A standard die is about 2cm per side, volume = (2 cm x 2cm x 2cm) * (.01 m/cm)^3.
That’s about 10^{-6} m^3.
(10^3 m^3) / ( 10^{-6} m^3 )
≈ 10^9 dice
The statement is not unreasonable.
Practice Quiz #2#
You could park at least 10,000 Honda Civics on the quad.
Solution
Say the quad is about 500ft by 500ft, and we’ll round up to ~ (10^3)^2 ft^2
A Honda Civic is roughly 15ft by 6ft, ~ 10^2 ft^2
(10^6 ft^2 in the quad )/(10^2 ft^2 per Civic) ~ 10^4 Honda Civics
The number looks a little high.
A billion hours of human labor each year are spend on correcting typos.
Solution
There are roughly 9 billion people in the world. Say about 5 billion type regularly. That is still about 10^9 people typing.
Say each corrects about 10 typos per day, and each typo takes about 10 seconds to notice and fix.
There are 365 ~ 100 days/year and (1/60)^2 ~ 10^{-4} seconds/hour
( 10^9 people)×(10 typos/day)x(10^2 days/ year)×(10 sec/typo)×(10^{-4} hours/sec)
≈ 10^9 hr/yr
The statement looks reasonable.
No more than 1 million people in the U.S. have the letter “z” in their first name.
Solution
There are about 330 million ~ 10^8 people in the U.S. The letter z is one of 26 letters, it’s reasonable to assume there are about 5 ~ 10^1 letters per name. The letter z is not that common, but say it appears at least 1/100 of the time.
(10^8 names) x (10 letters/name) (10^{-2} z’s per letter) ≈ 10^{7) people
The statement doesn’t seem reasonable, the number looks a bit low.
Practice Quiz 3#
More than 10 million gallons of milk are consumed in the bay area each year.
Solution
Say there are about 10 million = 10^7 people in the Bay Area.
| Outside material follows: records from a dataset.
lemma quadratic_to_linear_bound:
  fixes D c \<kappa> :: real
  assumes "\<kappa> > 0" "D \<ge> 0" "c \<ge> 0" "(\<kappa> * D)\<^sup>2 \<le> c * D"
  shows "D \<le> c / \<kappa>\<^sup>2"
proof (cases "D = 0")
  case False
  then have "\<kappa>\<^sup>2 * D \<le> c"
    using assms(2,4) by (simp add: power2_eq_square algebra_simps)
  then show ?thesis
    using assms(1) by (simp add: field_simps)
qed (use assms in simp)

lemma error_bound_from_cone_inequality:
  fixes X :: "real^'p^'n" and h :: "real^'p" and f v :: "real^'n"
  defines "N \<equiv> real CARD('n)"
  assumes v_def: "v = X *v h + sqrt N *\<^sub>R f"
    and RE: "extended_RE X T S (le / lb) \<kappa>"
    and \<kappa>: "\<kappa> > 0" and lb: "lb > 0" and le: "le \<ge> 0"
    and cone: "(norm v)\<^sup>2 / (2 * N)
       \<le> lb * (3/2 * l1norm (restr h T) - 1/2 * l1norm (restr h (- T)))
         + le * (3/2 * l1norm (restr f S) - 1/2 * l1norm (restr f (- S)))"
  shows "norm h + norm f \<le> 3 / \<kappa>\<^sup>2 * (lb * sqrt (real (card T)) + le * sqrt (real (card S)))"
proof -
  define D where "D = norm h + norm f"
  define M where "M = lb * sqrt (real (card T)) + le * sqrt (real (card S))"
  have N_pos: "N > 0" unfolding N_def by simp
  have tails: "0 \<le> lb * l1norm (restr h (- T))" "0 \<le> le * l1norm (restr f (- S))"
    using lb le by (simp_all add: l1norm_nonneg)
  have "0 \<le> (norm v)\<^sup>2 / (2 * N)" using N_pos by simp
  then have "(h, f) \<in> restricted_set T S (le / lb)"
    using cone by (intro restricted_setI[OF lb]) (simp add: algebra_simps)
  then have "\<kappa> * D \<le> 1 / sqrt N * norm v"
    using RE unfolding extended_RE_def v_def D_def N_def by blast
  then have "(\<kappa> * D)\<^sup>2 \<le> (norm v)\<^sup>2 / N"
    using \<kappa> N_pos power_mono[of "\<kappa> * D" "1 / sqrt N * norm v" 2]
    by (simp add: D_def power_divide)
  also have "\<dots> = 2 * ((norm v)\<^sup>2 / (2 * N))"
    by simp
  also have "\<dots> \<le> 3 * (lb * l1norm (restr h T) + le * l1norm (restr f S))"
    using cone tails by (simp add: algebra_simps)
  also have "\<dots> \<le> 3 * (lb * (sqrt (real (card T)) * norm h) + le * (sqrt (real (card S)) * norm f))"
    using lb le by (intro mult_left_mono add_mono l1norm_restr_le_sqrt_card) auto
  also have "\<dots> \<le> 3 * M * D"
    using lb le unfolding M_def D_def by (simp add: algebra_simps)
  finally have "(\<kappa> * D)\<^sup>2 \<le> 3 * M * D" .
  then have "D \<le> 3 * M / \<kappa>\<^sup>2"
    using \<kappa> lb le by (intro quadratic_to_linear_bound) (auto simp: D_def M_def)
  then show ?thesis unfolding D_def M_def by simp
qed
Each probably consumes about 1 cups of milk per week.
There are closer to 100 than 10 weeks per year, and about 10 cups/gallon.
(10^7 people) x (1 cups / week) x (10^2 weeks / year) x (10^{-1} gallons/cup) ≈ 10^8 gallons/year
The statement looks reasonable.
I could empty the fountain in white plaza in one day using only a teaspoon.
Solution
The fountain is about 4m x 4m x .5 m, so (4 x 4 x .5 m^3) ~ 10 m^3 of water.
A teaspoon is about 5 mL = 5/(10^2)^3 meters^3 ~ 10^{-6} m^3 of water.
Say I can scoop and dump 1 teaspoon every second, there are 60 x 60 x 24 ~ 10^{5} seconds/day.
(10 m^3 of water) / ((10^{-6} m^3/ teaspoon) x (1 teaspoon / second) x (10^{5} seconds/day)) = 10^2 days.
The statement doesn’t seem plausible, the number of days looks kind of low.
Stanford students collectively buy many thousands of textbooks each year.
Solution
There are roughly 8,000 undergraduate students, so say there are ~10^4 undergrads + grad students in total.Say each student takes about 10 courses per year on average, and about 1 in 2 courses requires a textbook, but only 1/10 textbooks cannot be found for free online.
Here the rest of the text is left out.